Die Kinematographie von „Barry Lyndon“ fügt sich nahtlos in die Geschichte des Films ein und schafft einen eindringlichen Blick auf eine verschwundene Welt.
Mit seinem visuellen Mitarbeiter, dem Kameramann John Alcott, entwickelte Stanley Kubrick 1975 den malerischen Look seiner Verfilmung von The Luck of Barry Lyndon, einem relativ obskuren Roman von Thackerary aus dem Jahr 1844.

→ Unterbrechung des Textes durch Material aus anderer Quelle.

lemma exceptional_weight_le:
  assumes "2 \<le> \<beta>" "\<beta> < \<alpha>" "a > 0" "q > 0" "\<alpha> = real a * \<beta> / real q"
    and "\<beta> * min (\<alpha>\<^sup>2) (10 powr \<beta>) \<le> real q"
  shows "\<beta> * \<beta> * 3 ^ card (exceptional_primes \<alpha> \<beta> a q) / real q
    \<le> weight_constant * (\<beta> / \<alpha> + 1 / \<beta>)"
proof -
  have "0 < \<beta> / \<alpha>" "0 < 1 / \<beta>"
    using assms(1,2) by auto
  show ?thesis
  proof (cases "\<alpha>\<^sup>2 \<le> 10 powr \<beta>")
    case True
    then have "\<beta> * \<alpha>\<^sup>2 \<le> real q"
      using assms(6) by (simp add: min_def)
    then have "\<beta> * \<beta> * 3 ^ card (exceptional_primes \<alpha> \<beta> a q) / real q \<le> 729 ^ 729 * \<beta> / \<alpha>"
      by (rule exceptional_weight_le_of_height_ge_square [OF assms(1-5)])
    also have "\<dots> = 729 ^ 729 * (\<beta> / \<alpha>)"
      by (rule times_divide_eq_right [symmetric])
    also have "\<dots> \<le> weight_constant * (\<beta> / \<alpha> + 1 / \<beta>)"
      by (rule mult_mono [OF weight_constant_ge(2)])
        (use \<open>0 < \<beta> / \<alpha>\<close> \<open>0 < 1 / \<beta>\<close> weight_constant_pos in simp_all)
    finally show ?thesis .
  next
    case False
    then have "\<beta> * 10 powr \<beta> \<le> real q"
      using assms(6) by (simp add: min_def)
    moreover have "\<beta> ^ 5 * (9/10) powr \<beta> \<le> (5 / - ln (9/10) + 1) ^ 5"
      using power_mult_powr_le [of "9/10" \<beta> 5] assms(1) by simp
    ultimately have "\<beta> * \<beta> * 3 ^ card (exceptional_primes \<alpha> \<beta> a q) / real q
        \<le> (9 ^ 9 * (5 / - ln (9/10) + 1) ^ 5 + 1) * (1 / \<beta>)"
      using exceptional_weight_le_of_height_ge_exp [OF assms(1,4)] by simp
    also have "\<dots> \<le> weight_constant * (\<beta> / \<alpha> + 1 / \<beta>)"
      by (rule mult_mono [OF weight_constant_ge(1)])
        (use \<open>0 < \<beta> / \<alpha>\<close> \<open>0 < 1 / \<beta>\<close> weight_constant_pos in simp_all)
    finally show ?thesis .
  qed
qed
section \<open>Manin triples over Bianchi IX\<close>

lemma manin_triple_dual_alternating:
  assumes "manin_triple f g"
  shows "g i i k = 0" and "g j i k = - g i j k"
proof -
  have sq: "gbr g \<xi> \<xi> = 0" for \<xi>
    using assms dbr_Gtsub[of f g \<xi> \<xi>] by (simp add: manin_triple_def zero_prod_def)
  have diag: "g l l k = 0" for l
    using sq[of "axis l 1"] gbr_axis[of g l l k] by simp
  then show "g i i k = 0" .
  have "gbr g (axis i 1 + axis j 1) (axis i 1 + axis j 1) $ k = 0"
    using sq by simp
  then show "g j i k = - g i j k"
    by (simp add: bilinear_ladd[OF bilinear_gbr] bilinear_radd[OF bilinear_gbr] gbr_axis diag)
qed

lemma manin_triple_bianchiIX_imp_bianchiV_vec:
  assumes "manin_triple bianchiIX g"
  shows "g = bianchiV_vec (vector [g 1 2 2, g 2 1 1, g 3 1 1])"
proof -
  have swap: "g 2 1 k = - g 1 2 k" "g 3 1 k = - g 1 3 k" "g 3 2 k = - g 2 3 k"
    and diag: "g 1 1 k = 0" "g 2 2 k = 0" "g 3 3 k = 0" for k
    using manin_triple_dual_alternating[OF assms] by blast+
  \<comment> \<open>only the mixed Jacobi identities for \<open>X\<^sub>a, X\<^sub>b, X~\<^sup>c\<close> are needed; they are linear in \<open>g\<close>\<close>
  have jacobi: "dbr bianchiIX g (axis a 1, 0) (dbr bianchiIX g (axis b 1, 0) (0, axis c 1))
     + dbr bianchiIX g (axis b 1, 0) (dbr bianchiIX g (0, axis c 1) (axis a 1, 0))
     + dbr bianchiIX g (0, axis c 1) (dbr bianchiIX g (axis a 1, 0) (axis b 1, 0)) = 0" for a b c
    using assms unfolding manin_triple_def by blast
  have coeffs: "g 1 2 3 = 0 \<and> g 1 3 2 = 0 \<and> g 2 3 1 = 0 \<and>
        g 1 3 3 = g 1 2 2 \<and> g 2 3 3 = - g 1 2 1 \<and> g 2 3 2 = g 1 3 1"
  proof -
    note [simp] = dbr_def sum_3 axis_def bianchiIX_def vec_eq_iff forall_3 swap diag zero_prod_def
    show ?thesis
      using jacobi[of 1 2 1] jacobi[of 1 2 2] jacobi[of 1 2 3]
        jacobi[of 1 3 1] jacobi[of 1 3 2] jacobi[of 1 3 3]
        jacobi[of 2 3 1] jacobi[of 2 3 2] jacobi[of 2 3 3]
      by simp
  qed
  show ?thesis
  proof (intro ext)
    fix i j k :: 3
    show "g i j k = bianchiV_vec (vector [g 1 2 2, g 2 1 1, g 3 1 1]) i j k"
      using exhaust_3[of i] exhaust_3[of j] exhaust_3[of k] coeffs
      by (elim disjE) (simp_all add: bianchiV_vec_def swap diag)
  qed
qed

lemma manin_iso_bianchiV_vec_rotation:
  assumes "orthogonal_transformation R" "det (matrix R) = 1"
  shows "manin_iso bianchiIX (bianchiV_vec v) bianchiIX (bianchiV_vec (R v))"
proof (rule dual_pair_imp_manin_iso[OF dual_pair_orthogonal_transformation[OF assms(1)]])
  show "R (gbr bianchiIX x y) = gbr bianchiIX (R x) (R y)" for x y
    using assms cross_linear_image[of R x y] by (simp add: gbr_bianchiIX orthogonal_transformation)
  show "R (gbr (bianchiV_vec v) \<xi> \<eta>) = gbr (bianchiV_vec (R v)) (R \<xi>) (R \<eta>)" for \<xi> \<eta>
    using assms(1) by (rule gbr_bianchiV_vec_orthogonal_transformation)
qed

lemma manin_iso_bianchiV_vec_bianchiV:
  "manin_iso bianchiIX (bianchiV_vec v) bianchiIX (bianchiV (norm v))"
proof -
  have "norm v = norm (vector [- norm v, 0, 0] :: real^3)"
    by (simp add: norm_vector_x00)
  then obtain R where "orthogonal_transformation R" "det (matrix R) = 1"
    and "R v = vector [- norm v, 0, 0]"
    using rotation_exists[of v] by auto
  then show ?thesis
    using manin_iso_bianchiV_vec_rotation[of R v] by (simp add: bianchiV_eq_bianchiV_vec)
qed

lemma dual_pair_bianchiV_vec_hom:
  assumes dual: "dual_pair \<phi> \<psi>"
    and hom: "\<And>\<xi> \<eta>. \<psi> (gbr (bianchiV_vec a) \<xi> \<eta>) = gbr (bianchiV_vec a') (\<psi> \<xi>) (\<psi> \<eta>)"
  shows "a' = \<phi> a"
proof -
  interpret \<psi>: linear \<psi> using dual by (simp add: dual_pair_def)
  define \<alpha> where "\<alpha> \<xi> = a \<bullet> \<xi> - a' \<bullet> \<psi> \<xi>" for \<xi>
  have rel: "\<alpha> \<xi> *\<^sub>R \<psi> \<eta> = \<alpha> \<eta> *\<^sub>R \<psi> \<xi>" for \<xi> \<eta>
    using hom[of \<xi> \<eta>] by (simp add: gbr_bianchiV_vec \<psi>.diff \<psi>.scale \<alpha>_def algebra_simps)
  have "\<alpha> \<xi> = 0" for \<xi>
  proof (rule ccontr)
    assume "\<alpha> \<xi> \<noteq> 0"
    then have "\<psi> \<eta> \<in> span {\<psi> \<xi>}" for \<eta>
      using rel by (rule scaleR_eq_imp_in_span)
    then show False
      using linear_inj_not_into_line[of \<psi> "\<psi> \<xi>"] dual by (auto simp: dual_pair_def bij_is_inj)
  qed
  then have "(a' - \<phi> a) \<bullet> \<psi> \<xi> = 0" for \<xi>
    using dual by (simp add: \<alpha>_def inner_diff_left dual_pair_def)
  moreover have "surj \<psi>"
    using dual by (simp add: dual_pair_def bij_is_surj)
  ultimately have "(a' - \<phi> a) \<bullet> (a' - \<phi> a) = 0"
    by (metis surjD)
  then show ?thesis
    by simp
qed

lemma manin_iso_bianchiV_vec_imp_norm_eq:
  assumes "manin_iso bianchiIX (bianchiV_vec a) bianchiIX (bianchiV_vec a')"
  shows "norm a' = norm a"
proof -
  obtain \<phi> \<psi> where dual: "dual_pair \<phi> \<psi>" and hom: "\<And>x y. \<phi> (x \<times> y) = \<phi> x \<times> \<phi> y"
    and hom_dual: "\<And>\<xi> \<eta>. \<psi> (gbr (bianchiV_vec a) \<xi> \<eta>) = gbr (bianchiV_vec a') (\<psi> \<xi>) (\<psi> \<eta>)"
    using manin_iso_imp_dual_pair[OF assms] unfolding gbr_bianchiIX by metis
  have "a' = \<phi> a"
    using dual hom_dual by (rule dual_pair_bianchiV_vec_hom)
  moreover have "norm (\<phi> a) = norm a"
    using dual hom by (intro norm_cross3_automorphism) (auto simp: dual_pair_def bij_is_inj)
  ultimately show ?thesis
    by simp
qed

lemma manin_iso_bianchiV_imp_eq:
  assumes "manin_iso bianchiIX (bianchiV c) bianchiIX (bianchiV c')" "c \<ge> 0" "c' \<ge> 0"
  shows "c = c'"
  using manin_iso_bianchiV_vec_imp_norm_eq[of "vector [- c, 0, 0]" "vector [- c', 0, 0]"] assms
  by (simp add: bianchiV_eq_bianchiV_vec norm_vector_x00)
(* Let $G$ be a groupoid (a small category in which every morphism is an isomorphism) and let $X$ be a set equipped with a partial function ${\rm mor}(G)\times X\to X$, $(g,x)\mapsto g\cdot x$ where defined. Then this is a partial category action, i.e. satisfies (C1)–(C3) below, if and only if it is a partial groupoid action, i.e. satisfies (GR1)–(GR3) below.
   Context: Conventions: objects are identified with their identity morphisms, so ${\rm ob}(G)\subseteq{\rm mor}(G)$; $d(g), c(g)$ are domain and codomain, $G^2=\{(g,h)\mid d(g)=c(h)\}$, and $g^{-1}$ is the inverse of $g$. Axioms: (C1) = (GR1): for every $x\in X$ there is $e\in{\rm ob}(G)$ with $e\cdot x$ defined, and whenever $f\in{\rm ob}(G)$ and $f\cdot x$ is defined, $f\cdot x = x$. (C2): if $g\cdot x$ is defined then $d(g)\cdot x$ is defined. (C3): if $(g,h)\in G^2$ and $h\cdot x$ is defined, then $(gh)\cdot x$ is defined iff $g\cdot(h\cdot x)$ is defined, and then they are equal. (GR2): if $g\cdot x$ is defined then $g^{-1}\cdot(g\cdot x)$ is defined and equals $x$. (GR3): if $(g,h)\in G^2$ and $g\cdot(h\cdot x)$ is defined, then $(gh)\cdot x$ is defined and equals $g\cdot(h\cdot x)$. *)

theory Defs
  imports Main
begin

text \<open>A groupoid with morphism set M, object set Ob (objects identified with their
identity morphisms, Ob \<subseteq> M), domain dm, codomain cd, composition cmp g h = g h
(meaningful when dm g = cd h) and inverse iv.\<close>

definition groupoid ::
  "'g set \<Rightarrow> 'g set \<Rightarrow> ('g \<Rightarrow> 'g) \<Rightarrow> ('g \<Rightarrow> 'g) \<Rightarrow> ('g \<Rightarrow> 'g \<Rightarrow> 'g) \<Rightarrow> ('g \<Rightarrow> 'g) \<Rightarrow> bool"
where
  "groupoid M Ob dm cd cmp iv \<longleftrightarrow>
     Ob \<subseteq> M \<and>
     (\<forall>g\<in>M. dm g \<in> Ob \<and> cd g \<in> Ob) \<and>
     (\<forall>e\<in>Ob. dm e = e \<and> cd e = e) \<and>
     (\<forall>g\<in>M. \<forall>h\<in>M. dm g = cd h \<longrightarrow>
        cmp g h \<in> M \<and> dm (cmp g h) = dm h \<and> cd (cmp g h) = cd g) \<and>
     (\<forall>f\<in>M. \<forall>g\<in>M. \<forall>h\<in>M. dm f = cd g \<longrightarrow> dm g = cd h \<longrightarrow>
        cmp (cmp f g) h = cmp f (cmp g h)) \<and>
     (\<forall>g\<in>M. cmp g (dm g) = g \<and> cmp (cd g) g = g) \<and>
     (\<forall>g\<in>M. iv g \<in> M \<and> dm (iv g) = cd g \<and> cd (iv g) = dm g \<and>
        cmp g (iv g) = cd g \<and> cmp (iv g) g = dm g)"

text \<open>A partial function mor(G) \<times> X \<rightarrow> X, encoded as act g x = Some (g\<cdot>x) when defined.\<close>

definition partial_map_on ::
  "'g set \<Rightarrow> 'x set \<Rightarrow> ('g \<Rightarrow> 'x \<Rightarrow> 'x option) \<Rightarrow> bool" where
  "partial_map_on M X act \<longleftrightarrow>
     (\<forall>g x y. act g x = Some y \<longrightarrow> g \<in> M \<and> x \<in> X \<and> y \<in> X)"

abbreviation defd :: "('g \<Rightarrow> 'x \<Rightarrow> 'x option) \<Rightarrow> 'g \<Rightarrow> 'x \<Rightarrow> bool" where
  "defd act g x \<equiv> act g x \<noteq> None"

definition defd2 :: "('g \<Rightarrow> 'x \<Rightarrow> 'x option) \<Rightarrow> 'g \<Rightarrow> 'g \<Rightarrow> 'x \<Rightarrow> bool" where
  "defd2 act g h x \<longleftrightarrow> (\<exists>y. act h x = Some y \<and> act g y \<noteq> None)"

text \<open>(C1) = (GR1)\<close>
definition ax_C1 where
  "ax_C1 Ob X act \<longleftrightarrow>
     (\<forall>x\<in>X. (\<exists>e\<in>Ob. defd act e x) \<and> (\<forall>f\<in>Ob. defd act f x \<longrightarrow> act f x = Some x))"

definition ax_C2 where
  "ax_C2 M dm X act \<longleftrightarrow>
     (\<forall>g\<in>M. \<forall>x\<in>X. defd act g x \<longrightarrow> defd act (dm g) x)"

definition ax_C3 where
  "ax_C3 M dm cd cmp X act \<longleftrightarrow>
     (\<forall>g\<in>M. \<forall>h\<in>M. \<forall>x\<in>X. dm g = cd h \<longrightarrow> defd act h x \<longrightarrow>
        ((defd act (cmp g h) x \<longleftrightarrow> defd2 act g h x) \<and>
         (defd act (cmp g h) x \<longrightarrow> act (cmp g h) x = act g (the (act h x)))))"

definition ax_GR2 where
  "ax_GR2 M iv X act \<longleftrightarrow>
     (\<forall>g\<in>M. \<forall>x\<in>X. defd act g x \<longrightarrow> act (iv g) (the (act g x)) = Some x)"

definition ax_GR3 where
  "ax_GR3 M dm cd cmp X act \<longleftrightarrow>
     (\<forall>g\<in>M. \<forall>h\<in>M. \<forall>x\<in>X. dm g = cd h \<longrightarrow> defd2 act g h x \<longrightarrow>
        act (cmp g h) x = act g (the (act h x)))"

definition partial_category_action where
  "partial_category_action M Ob dm cd cmp X act \<longleftrightarrow>
     ax_C1 Ob X act \<and> ax_C2 M dm X act \<and> ax_C3 M dm cd cmp X act"

definition partial_groupoid_action where
  "partial_groupoid_action M Ob dm cd cmp iv X act \<longleftrightarrow>
     ax_C1 Ob X act \<and> ax_GR2 M iv X act \<and> ax_GR3 M dm cd cmp X act"

end

theory Submission
  imports Defs
begin

text \<open>In a groupoid the action of the unit dm g on x is reached as the composite
  g\<inverse> g, so (C2) and (GR2) are interchangeable given the composition axiom;
  and the missing half of (C3), that (g h)\<cdot>x defined forces g\<cdot>(h\<cdot>x) defined,
  follows by applying (GR3) to (g h) h\<inverse> at the point h\<cdot>x, whose
  inverse image under h\<inverse> is x by (GR2).\<close>

lemma groupoid_inverse:
  assumes "groupoid M Ob dm cd cmp iv" and "g \<in> M"
  shows "iv g \<in> M" "dm (iv g) = cd g" "cd (iv g) = dm g"
    and "cmp (iv g) g = dm g" "cmp g (iv g) = cd g"
  using assms unfolding groupoid_def by auto

lemma groupoid_comp_inverse_cancel:
  assumes G: "groupoid M Ob dm cd cmp iv"
    and "g \<in> M" "h \<in> M" "dm g = cd h"
  shows "cmp (cmp g h) (iv h) = g"
proof -
  have "cmp (cmp g h) (iv h) = cmp g (cmp h (iv h))"
    using assms groupoid_inverse[OF G \<open>h \<in> M\<close>] unfolding groupoid_def by metis
  also have "\<dots> = cmp g (dm g)"
    using groupoid_inverse[OF G \<open>h \<in> M\<close>] \<open>dm g = cd h\<close> by simp
  also have "\<dots> = g"
    using G \<open>g \<in> M\<close> unfolding groupoid_def by blast
  finally show ?thesis .
qed

lemma ax_C3_imp_ax_GR3:
  "ax_C3 M dm cd cmp X act \<Longrightarrow> ax_GR3 M dm cd cmp X act"
  unfolding ax_C3_def ax_GR3_def defd2_def by (metis option.distinct(1))

lemma partial_category_action_imp_ax_GR2:
  assumes G: "groupoid M Ob dm cd cmp iv"
    and A: "partial_category_action M Ob dm cd cmp X act"
  shows "ax_GR2 M iv X act"
  unfolding ax_GR2_def
proof (intro ballI impI)
  fix g x assume g: "g \<in> M" and x: "x \<in> X" and d: "defd act g x"
  have "dm g \<in> Ob" using G g unfolding groupoid_def by blast
  moreover have "defd act (dm g) x"
    using A g x d unfolding partial_category_action_def ax_C2_def by blast
  ultimately have unit: "act (dm g) x = Some x"
    using A x unfolding partial_category_action_def ax_C1_def by blast
  note i = groupoid_inverse[OF G g]
  have "act (cmp (iv g) g) x = act (iv g) (the (act g x))"
    using A i g x d unit unfolding partial_category_action_def ax_C3_def
    by (metis option.distinct(1))
  then show "act (iv g) (the (act g x)) = Some x"
    using unit i by simp
qed

lemma partial_groupoid_action_imp_ax_C2:
  assumes G: "groupoid M Ob dm cd cmp iv"
    and A: "partial_groupoid_action M Ob dm cd cmp iv X act"
  shows "ax_C2 M dm X act"
  unfolding ax_C2_def
proof (intro ballI impI)
  fix g x assume g: "g \<in> M" and x: "x \<in> X" and d: "defd act g x"
  then obtain y where y: "act g x = Some y" by auto
  have returns: "act (iv g) y = Some x"
    using A g x d y unfolding partial_groupoid_action_def ax_GR2_def by force
  note i = groupoid_inverse[OF G g]
  have "act (cmp (iv g) g) x = act (iv g) y"
    using A i g x y returns
    unfolding partial_groupoid_action_def ax_GR3_def defd2_def by force
  then show "defd act (dm g) x"
    using i returns by simp
qed

lemma partial_groupoid_action_imp_ax_C3:
  assumes G: "groupoid M Ob dm cd cmp iv"
    and P: "partial_map_on M X act"
    and A: "partial_groupoid_action M Ob dm cd cmp iv X act"
  shows "ax_C3 M dm cd cmp X act"
  unfolding ax_C3_def
proof (intro ballI impI)
  fix g h x assume g: "g \<in> M" and h: "h \<in> M" and x: "x \<in> X"
    and gh: "dm g = cd h" and d: "defd act h x"
  then obtain y where y: "act h x = Some y" by auto
  have yX: "y \<in> X" using P y unfolding partial_map_on_def by blast
  have GR2: "ax_GR2 M iv X act" and GR3: "ax_GR3 M dm cd cmp X act"
    using A unfolding partial_groupoid_action_def by auto
  have returns: "act (iv h) y = Some x"
    using GR2 h x y unfolding ax_GR2_def by force
  note ih = groupoid_inverse[OF G h]
  have gh_M: "cmp g h \<in> M" and dm_gh: "dm (cmp g h) = dm h"
    using G g h gh unfolding groupoid_def by auto
  have compose: "act (cmp g h) x = act g y" if "defd2 act g h x"
    using GR3 g h x gh that y unfolding ax_GR3_def by simp
  have decompose: "defd2 act g h x" if "defd act (cmp g h) x"
  proof -
    have "act (cmp (cmp g h) (iv h)) y = act (cmp g h) x"
      using GR3 gh_M dm_gh ih yX returns that
      unfolding ax_GR3_def defd2_def by simp
    then have "act g y = act (cmp g h) x"
      using groupoid_comp_inverse_cancel[OF G g h gh] by simp
    then show ?thesis
      using y that unfolding defd2_def by simp
  qed
  have "defd act (cmp g h) x" if "defd2 act g h x"
    using compose[OF that] that y unfolding defd2_def by simp
  then show "(defd act (cmp g h) x \<longleftrightarrow> defd2 act g h x) \<and>
      (defd act (cmp g h) x \<longrightarrow> act (cmp g h) x = act g (the (act h x)))"
    using compose decompose y by auto
qed

theorem proposition4p2:
  fixes M Ob :: "'g set" and dm cd iv :: "'g \<Rightarrow> 'g" and cmp :: "'g \<Rightarrow> 'g \<Rightarrow> 'g"
    and X :: "'x set" and act :: "'g \<Rightarrow> 'x \<Rightarrow> 'x option"
  assumes "groupoid M Ob dm cd cmp iv"
    and "partial_map_on M X act"
  shows "partial_category_action M Ob dm cd cmp X act \<longleftrightarrow>
         partial_groupoid_action M Ob dm cd cmp iv X act"
proof
  assume "partial_category_action M Ob dm cd cmp X act"
  then show "partial_groupoid_action M Ob dm cd cmp iv X act"
    using partial_category_action_imp_ax_GR2[OF assms(1)] ax_C3_imp_ax_GR3
    unfolding partial_category_action_def partial_groupoid_action_def by blast
next
  assume "partial_groupoid_action M Ob dm cd cmp iv X act"
  then show "partial_category_action M Ob dm cd cmp X act"
    using partial_groupoid_action_imp_ax_C2[OF assms(1)]
      partial_groupoid_action_imp_ax_C3[OF assms]
    unfolding partial_category_action_def partial_groupoid_action_def by blast
qed

end
(* Let $G$ be a finite simple connected graph, and let $h(G)$ denote the number of holes in $G$. Suppose that all the holes in $G$ are pairwise edge-disjoint and that $G$ has at most one non-edge maximal clique. If the clique number $\omega(G)$ satisfies $2\le \omega(G)\le h(G)+1$, then $$k(G)\le h(G)-\omega(G)+3.$$
   Context: A hole of a graph is an induced (chordless) cycle of length at least $4$. A clique is a complete subgraph; a clique is non-edge if it has at least $3$ vertices. $\omega(G)$ is the maximum number of vertices of a clique in $G$. For a digraph $D=(V,A)$, its competition graph $C(D)$ has vertex set $V$, with distinct $x,y$ adjacent iff there is $v\in V$ with $(x,v),(y,v)\in A$. The competition number $k(G)$ is the smallest $k\ge 0$ such that $G$ together with $k$ new isolated vertices is the competition graph of an acyclic digraph. *)

theory Defs
  imports Main
begin

definition simple_graph :: "'a set \<Rightarrow> ('a \<Rightarrow> 'a \<Rightarrow> bool) \<Rightarrow> bool" where
  "simple_graph V E \<longleftrightarrow> finite V \<and>
     (\<forall>x y. E x y \<longrightarrow> x \<in> V \<and> y \<in> V \<and> x \<noteq> y \<and> E y x)"

definition connected_graph :: "'a set \<Rightarrow> ('a \<Rightarrow> 'a \<Rightarrow> bool) \<Rightarrow> bool" where
  "connected_graph V E \<longleftrightarrow> V \<noteq> {} \<and> (\<forall>x\<in>V. \<forall>y\<in>V. E\<^sup>*\<^sup>* x y)"

text \<open>A hole: the vertex set of an induced (chordless) cycle of length at least 4.
  The cycle is listed as xs; the adjacencies among its vertices are exactly the
  cyclically consecutive pairs.\<close>
definition hole :: "'a set \<Rightarrow> ('a \<Rightarrow> 'a \<Rightarrow> bool) \<Rightarrow> 'a set \<Rightarrow> bool" where
  "hole V E S \<longleftrightarrow> S \<subseteq> V \<and> (\<exists>xs. distinct xs \<and> set xs = S \<and> length xs \<ge> 4 \<and>
     (\<forall>i<length xs. \<forall>j<length xs.
        E (xs ! i) (xs ! j) \<longleftrightarrow> (j = Suc i mod length xs \<or> i = Suc j mod length xs)))"

definition num_holes :: "'a set \<Rightarrow> ('a \<Rightarrow> 'a \<Rightarrow> bool) \<Rightarrow> nat" where
  "num_holes V E = card {S. hole V E S}"

definition hole_edges :: "('a \<Rightarrow> 'a \<Rightarrow> bool) \<Rightarrow> 'a set \<Rightarrow> 'a set set" where
  "hole_edges E S = {{x, y} | x y. x \<in> S \<and> y \<in> S \<and> E x y}"

definition holes_edge_disjoint :: "'a set \<Rightarrow> ('a \<Rightarrow> 'a \<Rightarrow> bool) \<Rightarrow> bool" where
  "holes_edge_disjoint V E \<longleftrightarrow>
     (\<forall>S T. hole V E S \<and> hole V E T \<and> S \<noteq> T \<longrightarrow> hole_edges E S \<inter> hole_edges E T = {})"

definition clique :: "'a set \<Rightarrow> ('a \<Rightarrow> 'a \<Rightarrow> bool) \<Rightarrow> 'a set \<Rightarrow> bool" where
  "clique V E K \<longleftrightarrow> K \<subseteq> V \<and> (\<forall>x\<in>K. \<forall>y\<in>K. x \<noteq> y \<longrightarrow> E x y)"

definition maximal_clique :: "'a set \<Rightarrow> ('a \<Rightarrow> 'a \<Rightarrow> bool) \<Rightarrow> 'a set \<Rightarrow> bool" where
  "maximal_clique V E K \<longleftrightarrow> clique V E K \<and> (\<forall>K'. clique V E K' \<and> K \<subseteq> K' \<longrightarrow> K' = K)"

definition clique_number :: "'a set \<Rightarrow> ('a \<Rightarrow> 'a \<Rightarrow> bool) \<Rightarrow> nat" where
  "clique_number V E = Max (card ` {K. clique V E K})"

definition add_isolated_V :: "'a set \<Rightarrow> nat \<Rightarrow> ('a + nat) set" where
  "add_isolated_V V k = Inl ` V \<union> Inr ` {..<k}"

In seinem neuesten Video-Essay untersucht Cinema Tyler die Kinematografie des Films, wie der visuelle Effekt erzielt wurde und wie notwendig er für die Geschichte eines Schurken und Adelsanwärters aus dem 18. Jahrhundert war – eines Mannes, dessen Leben im Schatten einer bevorstehenden politischen Katastrophe für seine neu angenommene Klasse verlief, einer Revolution, die er nicht ergründen konnte. Sehen Sie sich das Video sowie einige Beispiele dafür an, wie der Film eine der modernsten Kunstformen nutzt, um eine Geschichte aus einer Zeit zu erzählen, in der die Welt noch nicht mit der Eisenbahn reiste.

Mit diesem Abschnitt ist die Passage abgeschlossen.